Aim of the task: Among the lines below, restate word for word only those from the line with "j)) (P * (\<Prod>j\<le>a." through the line with "(\<forall>n. n = (\<Sum>j\<le>a.", with both end lines kept.

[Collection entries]

lemma top_triangular_imp_m_triangular:
  assumes T: "top_triangular a e D F True" and R: "poly_over_R a F" and "a \<le> D"
  shows "m_triangular a (Suc e) F" and "degree F = D"
proof -
  obtain q0 where "degree F \<le> D" and q0: "q0 > 0"
      "coeff F D = cst (of_rat q0) * uvar a ^ Suc e"
    using T unfolding top_triangular_def top_coeff_def by auto
  moreover have "coeff F D \<noteq> 0"
    using q0 cst_times_uvar_power_eq_0_iff by (metis of_rat_eq_0_iff less_irrefl)
  ultimately show deg: "degree F = D"
    by (meson antisym le_degree)
  have "\<exists>q::rat. q > 0 \<and> (\<exists>r. poly_in_vars {a + l - D + 1..a} r \<and> (l = D \<longrightarrow> r = 0) \<and>
      coeff F l = cst (of_rat q) * uvar a ^ (Suc e - 1) * uvar (a + l - D) + r)"
    if l: "D - a \<le> l" "l \<le> D" for l
  proof (cases "l = D")
    case True
    then show ?thesis
      using q0 by (intro exI[of _ q0]) (auto simp: poly_in_vars_def mult.assoc mult.commute[of "uvar a"])
  next
    case False
    define i where "i = D - l"
    have i: "i \<in> {1..a}" "l = D - i" "a + l - D = a - i"
      using l False \<open>a \<le> D\<close> by (auto simp: i_def)
    then obtain q r where "q > 0" "poly_in_vars {a - i + 1..a} r"
        "coeff F l = cst (of_rat q) * uvar a ^ e * uvar (a - i) + r"
      using T \<open>a \<le> D\<close> unfolding top_triangular_def top_coeff_def by fastforce
    then show ?thesis
      using i False by auto
  qed
  then show "m_triangular a (Suc e) F"
    unfolding m_triangular_def using deg \<open>a \<le> D\<close> R by (auto simp: poly_over_R_def)
qed

lemma sum_codegrees_eq:
  fixes k :: "nat \<Rightarrow> nat"
  assumes "(\<Sum>j\<le>a. j * k j) = (\<Sum>j\<le>a. k j)"
  shows "(\<Sum>j\<le>a. k j * (a - j)) = (a - 1) * (\<Sum>j\<le>a. k j)"
proof -
  have "(\<Sum>j\<le>a. k j * (a - j)) + (\<Sum>j\<le>a. j * k j) = (\<Sum>j\<le>a. a * k j)"
    by (simp add: sum.distrib[symmetric] diff_mult_distrib2 algebra_simps)
  then show ?thesis
    using assms by (simp add: sum_distrib_left[symmetric] diff_mult_distrib)
qed

theorem mainTheorem5:
  fixes a m d :: nat and P :: "laurent poly" and k :: "nat \<Rightarrow> nat"
  assumes "a > 0"
    and "m_triangular a m P"
    and "degree P = d"
  shows "m_triangular a (m + (\<Sum>j\<le>a. k j)) (P * (\<Prod>j\<le>a. ((pderiv ^^ j) (Upoly a)) ^ k j)) \<and>
         (\<forall>n. n = (\<Sum>j\<le>a. k j) \<and> (\<Sum>j\<le>a. j * k j) = n \<longrightarrow>
           m_triangular a (m + n) (P * (\<Prod>j\<le>a. ((pderiv ^^ j) (Upoly a)) ^ k j)) \<and>
           degree (P * (\<Prod>j\<le>a. ((pderiv ^^ j) (Upoly a)) ^ k j)) = d + (a - 1) * n)"
proof -
  let ?Q = "\<Prod>j\<le>a. ((pderiv ^^ j) (Upoly a)) ^ k j"
  have "m \<ge> 1" and "a \<le> d"
    using assms(2,3) unfolding m_triangular_def by auto
  have "top_triangular a (m - 1) d P True"
    using m_triangular_imp_top_triangular[OF assms(2)] assms(3) by simp
  then have T: "top_triangular a (m - 1 + (\<Sum>j\<le>a. k j)) (d + (\<Sum>j\<le>a. k j * (a - j))) (P * ?Q) True"
    by (intro top_triangular_mult_prod higher_pderiv_Upoly_top_triangular) auto
  have "poly_over_R a P"
    using assms(2) unfolding m_triangular_def poly_over_R_def by blast
  then have R: "poly_over_R a (P * ?Q)"
    by (intro poly_over_R_mult poly_over_R_prod poly_over_R_power poly_over_R_higher_pderiv_Upoly)
  have "m_triangular a (m + (\<Sum>j\<le>a. k j)) (P * ?Q)"
    using top_triangular_imp_m_triangular(1)[OF T R] \<open>m \<ge> 1\<close> \<open>a \<le> d\<close> by simp
  moreover have "degree (P * ?Q) = d + (\<Sum>j\<le>a. k j * (a - j))"
    using top_triangular_imp_m_triangular(2)[OF T R] \<open>a \<le> d\<close> by simp
  ultimately show ?thesis
    using sum_codegrees_eq[of k a] by auto
qed

end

Exercise answer:
  shows "m_triangular a (m + (\<Sum>j\<le>a. k j)) (P * (\<Prod>j\<le>a. ((pderiv ^^ j) (Upoly a)) ^ k j)) \<and>
         (\<forall>n. n = (\<Sum>j\<le>a. k j) \<and> (\<Sum>j\<le>a. j * k j) = n \<longrightarrow>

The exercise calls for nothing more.